- ABOUT THIS EXERCISE:
Read the data, and whenever a line holds the word "only", report that line.

Saved entries:
(* Let $\mathcal{C}$ be a simplicial complex on $[n]$. Then $\mathcal{C}$ is unimodular if and only if its Lawrence lifting $\Lambda(\mathcal{C})$ is unimodular.
   Context: A simplicial complex on $[n]$ is a family of subsets of $[n]$ closed under subsets; facets are inclusion-maximal faces. $\Lambda(\mathcal{C})$ is the simplicial complex on $[n+1]$ with facets $[n]$ and $F\cup\{n+1\}$ for each facet $F$ of $\mathcal{C}$. $\mathcal{A}_{\mathcal{C}}$ is the $0/1$ matrix with columns indexed by $\mathbf{i}\in\{1,2\}^n$ and rows indexed by pairs $(F,\mathbf{e})$, $F$ a facet, $\mathbf{e}\in\{1,2\}^F$; entry $1$ iff $\mathbf{e}=\mathbf{i}|_F$. An integer matrix is unimodular if every circuit (nonzero integer kernel vector with coprime entries and inclusion-minimal support) has entries in $\{0,\pm1\}$; a complex is unimodular if its matrix $\mathcal{A}$ is. *)

theory Defs
  imports "HOL-Library.FuncSet"
begin

definition simplicial_complex :: "nat \<Rightarrow> nat set set \<Rightarrow> bool" where
  "simplicial_complex n C \<longleftrightarrow>
     C \<subseteq> Pow {1..n} \<and> (\<forall>F\<in>C. \<forall>G. G \<subseteq> F \<longrightarrow> G \<in> C)"

definition facets :: "nat set set \<Rightarrow> nat set set" where
  "facets C = {F \<in> C. \<forall>G\<in>C. F \<subseteq> G \<longrightarrow> G = F}"

definition lawrence :: "nat \<Rightarrow> nat set set \<Rightarrow> nat set set" where
  "lawrence n C = {G. G \<subseteq> {1..n}} \<union> {G. \<exists>F\<in>facets C. G \<subseteq> insert (n+1) F}"

definition in_kernel :: "'r set \<Rightarrow> 'c set \<Rightarrow> ('r \<Rightarrow> 'c \<Rightarrow> int) \<Rightarrow> ('c \<Rightarrow> int) \<Rightarrow> bool" where
  "in_kernel R I M u \<longleftrightarrow> (\<forall>i. i \<notin> I \<longrightarrow> u i = 0) \<and> (\<forall>r\<in>R. (\<Sum>i\<in>I. M r i * u i) = 0)"

definition supp :: "('c \<Rightarrow> int) \<Rightarrow> 'c set" where
  "supp u = {i. u i \<noteq> 0}"

definition is_circuit :: "'r set \<Rightarrow> 'c set \<Rightarrow> ('r \<Rightarrow> 'c \<Rightarrow> int) \<Rightarrow> ('c \<Rightarrow> int) \<Rightarrow> bool" where
  "is_circuit R I M u \<longleftrightarrow>
     in_kernel R I M u \<and> supp u \<noteq> {} \<and> Gcd (u ` I) = 1 \<and>
     (\<forall>v. in_kernel R I M v \<and> supp v \<noteq> {} \<and> supp v \<subseteq> supp u \<longrightarrow> supp v = supp u)"

definition unimodular_matrix :: "'r set \<Rightarrow> 'c set \<Rightarrow> ('r \<Rightarrow> 'c \<Rightarrow> int) \<Rightarrow> bool" where
  "unimodular_matrix R I M \<longleftrightarrow> (\<forall>u. is_circuit R I M u \<longrightarrow> (\<forall>i. u i \<in> {-1, 0, 1}))"

definition A_cols :: "nat \<Rightarrow> (nat \<Rightarrow> nat) set" where
  "A_cols n = PiE {1..n} (\<lambda>_. {1, 2})"

definition A_rows :: "nat set set \<Rightarrow> (nat set \<times> (nat \<Rightarrow> nat)) set" where
  "A_rows C = {(F, e). F \<in> facets C \<and> e \<in> PiE F (\<lambda>_. {1, 2})}"

definition A_entry :: "nat set \<times> (nat \<Rightarrow> nat) \<Rightarrow> (nat \<Rightarrow> nat) \<Rightarrow> int" where
  "A_entry r i = (if snd r = restrict i (fst r) then 1 else 0)"

definition unimodular_complex :: "nat \<Rightarrow> nat set set \<Rightarrow> bool" where
  "unimodular_complex n C \<longleftrightarrow> unimodular_matrix (A_rows C) (A_cols n) A_entry"

end

theory Submission
  imports Defs
begin

text \<open>
  A column of the Lawrence matrix is a pair (i, j) with i \<in> {1,2}^n and j \<in> {1,2}, encoded as
  the function i(n+1 := j). The row of the facet [n] forces a kernel vector to take opposite
  values on (i, 1) and (i, 2), and the rows F \<union> {n+1} then reduce to the rows F of A_C.
  So u \<mapsto> (u, -u) is a bijection from the kernel of A_C onto that of the Lawrence matrix which
  preserves inclusion of supports, the gcd of the entries and whether all entries lie in
  {0, \<plusminus>1}; hence circuits correspond to circuits. The listed facets of \<Lambda>(C) need not all be
  facets ([n] is not one when [n] \<in> C), but vanishing of marginals only depends on the
  down-closure of the sets involved.
\<close>

section \<open>Matrices with corresponding kernels\<close>

lemma in_kernel_zero: "in_kernel R I M (\<lambda>_. 0)"
  by (simp add: in_kernel_def)

lemma in_kernel_vanishes: "in_kernel R I M u \<Longrightarrow> \<forall>i. i \<notin> I \<longrightarrow> u i = 0"
  by (simp add: in_kernel_def)

lemma Gcd_eq_if_same_common_divisors:
  fixes A B :: "'a::semiring_Gcd set"
  assumes "\<And>d. (\<forall>x\<in>A. d dvd x) \<longleftrightarrow> (\<forall>x\<in>B. d dvd x)"
  shows "Gcd A = Gcd B"
proof (rule associated_eqI)
  show "Gcd A dvd Gcd B" "Gcd B dvd Gcd A"
    using assms[of "Gcd A"] assms[of "Gcd B"] by (auto simp: dvd_Gcd_iff[symmetric])
qed simp_all

locale kernel_correspondence =
  fixes R :: "'r set" and I :: "'c set" and M :: "'r \<Rightarrow> 'c \<Rightarrow> int"
    and R' :: "'r' set" and I' :: "'c' set" and M' :: "'r' \<Rightarrow> 'c' \<Rightarrow> int"
    and L :: "('c \<Rightarrow> int) \<Rightarrow> 'c' \<Rightarrow> int"
  assumes in_kernel_map: "in_kernel R I M u \<Longrightarrow> in_kernel R' I' M' (L u)"
    and in_kernel_map_surj: "in_kernel R' I' M' v \<Longrightarrow> \<exists>u. in_kernel R I M u \<and> v = L u"
    and map_zero: "L (\<lambda>_. 0) = (\<lambda>_. 0)"
    and supp_map_subset_iff:
      "in_kernel R I M u \<Longrightarrow> in_kernel R I M w \<Longrightarrow> supp (L u) \<subseteq> supp (L w) \<longleftrightarrow> supp u \<subseteq> supp w"
    and Gcd_map: "in_kernel R I M u \<Longrightarrow> Gcd (L u ` I') = Gcd (u ` I)"
    and unit_entries_map:
      "in_kernel R I M u \<Longrightarrow> (\<forall>i. L u i \<in> {-1, 0, 1}) \<longleftrightarrow> (\<forall>i. u i \<in> {-1, 0, 1})"
begin

lemma supp_map_empty_iff:
  assumes "in_kernel R I M u"
  shows "supp (L u) = {} \<longleftrightarrow> supp u = {}"
  using supp_map_subset_iff[OF assms in_kernel_zero] by (simp add: map_zero supp_def)

lemma is_circuit_map_iff:
  assumes u: "in_kernel R I M u"
  shows "is_circuit R' I' M' (L u) \<longleftrightarrow> is_circuit R I M u"
proof -
  have "(\<forall>v. in_kernel R' I' M' v \<and> supp v \<noteq> {} \<and> supp v \<subseteq> supp (L u) \<longrightarrow> supp v = supp (L u))
    \<longleftrightarrow> (\<forall>w. in_kernel R I M w \<and> supp w \<noteq> {} \<and> supp w \<subseteq> supp u \<longrightarrow> supp w = supp u)"
    (is "?minimal' \<longleftrightarrow> ?minimal")
  proof
    assume ?minimal'
    show ?minimal
    proof (intro allI impI, elim conjE)
      fix w
      assume w: "in_kernel R I M w" "supp w \<noteq> {}" "supp w \<subseteq> supp u"
      with \<open>?minimal'\<close> have "supp (L w) = supp (L u)"
        using in_kernel_map[OF w(1)] supp_map_empty_iff[OF w(1)] supp_map_subset_iff[OF w(1) u]
        by blast
      then show "supp w = supp u"
        using supp_map_subset_iff[OF w(1) u] supp_map_subset_iff[OF u w(1)] by blast
    qed
  next
    assume ?minimal
    show ?minimal'
    proof (intro allI impI, elim conjE)
      fix v
      assume v: "in_kernel R' I' M' v" "supp v \<noteq> {}" "supp v \<subseteq> supp (L u)"
      obtain w where w: "in_kernel R I M w" "v = L w"
        using in_kernel_map_surj[OF v(1)] by blast
      have "supp w = supp u"
        using \<open>?minimal\<close> w(1) v(2,3) supp_map_empty_iff[OF w(1)] supp_map_subset_iff[OF w(1) u]
        unfolding w(2) by blast
      then show "supp v = supp (L u)"
        using supp_map_subset_iff[OF w(1) u] supp_map_subset_iff[OF u w(1)] unfolding w(2) by blast
    qed
  qed
  then show ?thesis
    unfolding is_circuit_def using u in_kernel_map supp_map_empty_iff Gcd_map by auto
qed

lemma unimodular_matrix_iff: "unimodular_matrix R' I' M' \<longleftrightarrow> unimodular_matrix R I M"
  unfolding unimodular_matrix_def
proof (intro iffI allI impI)
  fix u i
  assume unimodular': "\<forall>v. is_circuit R' I' M' v \<longrightarrow> (\<forall>i. v i \<in> {-1, 0, 1})"
    and u: "is_circuit R I M u"
  then have "in_kernel R I M u"
    by (simp add: is_circuit_def)
  then show "u i \<in> {-1, 0, 1}"
    using unimodular' u is_circuit_map_iff unit_entries_map by blast
next
  fix v i
  assume unimodular: "\<forall>u. is_circuit R I M u \<longrightarrow> (\<forall>i. u i \<in> {-1, 0, 1})"
    and v: "is_circuit R' I' M' v"
  then obtain u where "in_kernel R I M u" "v = L u"
    using in_kernel_map_surj unfolding is_circuit_def by blast
  then show "v i \<in> {-1, 0, 1}"
    using unimodular v is_circuit_map_iff unit_entries_map by blast
qed

end

section \<open>Marginals\<close>

abbreviation cube :: "nat set \<Rightarrow> (nat \<Rightarrow> nat) set" where
  "cube D \<equiv> PiE D (\<lambda>_. {1, 2})"

definition marginal :: "nat set \<Rightarrow> nat set \<Rightarrow> ((nat \<Rightarrow> nat) \<Rightarrow> int) \<Rightarrow> (nat \<Rightarrow> nat) \<Rightarrow> int" where
  "marginal D F u e = (\<Sum>i\<in>{i \<in> cube D. restrict i F = e}. u i)"

definition marginals_vanish :: "nat set \<Rightarrow> nat set set \<Rightarrow> ((nat \<Rightarrow> nat) \<Rightarrow> int) \<Rightarrow> bool" where
  "marginals_vanish D S u \<longleftrightarrow>
     (\<forall>i. i \<notin> cube D \<longrightarrow> u i = 0) \<and> (\<forall>F\<in>S. \<forall>e\<in>cube F. marginal D F u e = 0)"

lemma in_kernel_A_iff:
  "in_kernel (A_rows C) (A_cols n) A_entry u \<longleftrightarrow> marginals_vanish {1..n} (facets C) u"
proof -
  have "(\<Sum>i\<in>A_cols n. A_entry (F, e) i * u i) = marginal {1..n} F u e" for F e
  proof -
    have "(\<Sum>i\<in>A_cols n. A_entry (F, e) i * u i) = (\<Sum>i\<in>A_cols n. if restrict i F = e then u i else 0)"
      by (rule sum.cong) (auto simp: A_entry_def)
    also have "\<dots> = marginal {1..n} F u e"
      by (simp add: sum.inter_filter finite_PiE A_cols_def marginal_def)
    finally show ?thesis .
  qed
  then show ?thesis
    unfolding in_kernel_def marginals_vanish_def A_rows_def by (auto simp: A_cols_def)
qed

lemma marginal_refine:
  assumes "finite D" "G \<subseteq> F" "F \<subseteq> D"
  shows "marginal D G u e = (\<Sum>e'\<in>{e' \<in> cube F. restrict e' G = e}. marginal D F u e')"
proof -
  let ?S = "{i \<in> cube D. restrict i G = e}" and ?T = "{e' \<in> cube F. restrict e' G = e}"
  have "finite F"
    using assms(1,3) finite_subset by blast
  then have "finite ?S" "finite ?T"
    using assms(1) by (simp_all add: finite_PiE)
  moreover have "(\<lambda>i. restrict i F) ` ?S \<subseteq> ?T"
    using assms(2,3) by (auto simp: PiE_iff Int_absorb1 Int_absorb2)
  ultimately have "(\<Sum>i\<in>?S. u i) = (\<Sum>e'\<in>?T. \<Sum>i\<in>{i \<in> ?S. restrict i F = e'}. u i)"
    by (rule sum.group[symmetric])
  also have "\<dots> = (\<Sum>e'\<in>?T. marginal D F u e')"
  proof (rule sum.cong[OF refl])
    fix e' assume "e' \<in> ?T"
    then have "{i \<in> ?S. restrict i F = e'} = {i \<in> cube D. restrict i F = e'}"
      using assms(2) by (auto simp: Int_absorb1)
    then show "(\<Sum>i\<in>{i \<in> ?S. restrict i F = e'}. u i) = marginal D F u e'"
      by (simp add: marginal_def)
  qed
  finally show ?thesis
    by (simp add: marginal_def)
qed

lemma marginals_vanish_mono:
  assumes "finite D" "\<forall>F\<in>S. F \<subseteq> D" "\<forall>G\<in>S'. \<exists>F\<in>S. G \<subseteq> F" "marginals_vanish D S u"
  shows "marginals_vanish D S' u"
  unfolding marginals_vanish_def
proof (intro conjI ballI)
  show "\<forall>i. i \<notin> cube D \<longrightarrow> u i = 0"
    using assms(4) by (simp add: marginals_vanish_def)
next
  fix G e assume "G \<in> S'" "e \<in> cube G"
  then obtain F where F: "F \<in> S" "G \<subseteq> F"
    using assms(3) by blast
  then have "marginal D G u e = (\<Sum>e'\<in>{e' \<in> cube F. restrict e' G = e}. marginal D F u e')"
    using marginal_refine assms(1,2) by blast
  also have "\<dots> = 0"
    using assms(4) F(1) by (intro sum.neutral) (auto simp: marginals_vanish_def)
  finally show "marginal D G u e = 0" .
qed

section \<open>The Lawrence lifting\<close>

lemma facet_subset_ground: "simplicial_complex n C \<Longrightarrow> F \<in> facets C \<Longrightarrow> F \<subseteq> {1..n}"
  unfolding simplicial_complex_def facets_def by auto

lemma finite_facet_superset:
  assumes "finite S" "G \<in> S"
  shows "\<exists>F\<in>facets S. G \<subseteq> F"
proof -
  obtain F where F: "F \<in> S" "G \<subseteq> F" and maximal: "\<forall>F'\<in>S. F \<subseteq> F' \<longrightarrow> F = F'"
    using finite_has_maximal2[OF assms] by blast
  have "F \<in> facets S"
    using F(1) maximal unfolding facets_def by auto
  with F(2) show ?thesis
    by blast
qed

definition lawrence_generators :: "nat \<Rightarrow> nat set set \<Rightarrow> nat set set" where
  "lawrence_generators n C = insert {1..n} (insert (n + 1) ` facets C)"

lemma lawrence_eq_down_closure: "lawrence n C = {G. \<exists>F\<in>lawrence_generators n C. G \<subseteq> F}"
  unfolding lawrence_def lawrence_generators_def by auto

lemma marginals_vanish_lawrence_iff:
  assumes "simplicial_complex n C"
  shows "marginals_vanish {1..n + 1} (facets (lawrence n C)) v
    \<longleftrightarrow> marginals_vanish {1..n + 1} (lawrence_generators n C) v"
proof -
  have generators_ground: "\<forall>G\<in>lawrence_generators n C. G \<subseteq> {1..n + 1}"
    using facet_subset_ground[OF assms] by (force simp: lawrence_generators_def)
  then have lawrence_ground: "lawrence n C \<subseteq> Pow {1..n + 1}"
    unfolding lawrence_eq_down_closure by blast
  then have "finite (lawrence n C)"
    by (rule finite_subset) simp
  then have "\<forall>G\<in>lawrence_generators n C. \<exists>F\<in>facets (lawrence n C). G \<subseteq> F"
    using finite_facet_superset unfolding lawrence_eq_down_closure by blast
  moreover have "\<forall>G\<in>facets (lawrence n C). \<exists>F\<in>lawrence_generators n C. G \<subseteq> F"
    unfolding facets_def lawrence_eq_down_closure by blast
  moreover have facets_ground: "\<forall>F\<in>facets (lawrence n C). F \<subseteq> {1..n + 1}"
    using lawrence_ground by (auto simp: facets_def)
  ultimately show ?thesis
    using marginals_vanish_mono[OF _ generators_ground] marginals_vanish_mono[OF _ facets_ground]
    by auto
qed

- WRITTEN RESPONSE:
(* Let $\mathcal{C}$ be a simplicial complex on $[n]$. Then $\mathcal{C}$ is unimodular if and only if its Lawrence lifting $\Lambda(\mathcal{C})$ is unimodular.
  facets ([n] is not one when [n] \<in> C), but vanishing of marginals only depends on the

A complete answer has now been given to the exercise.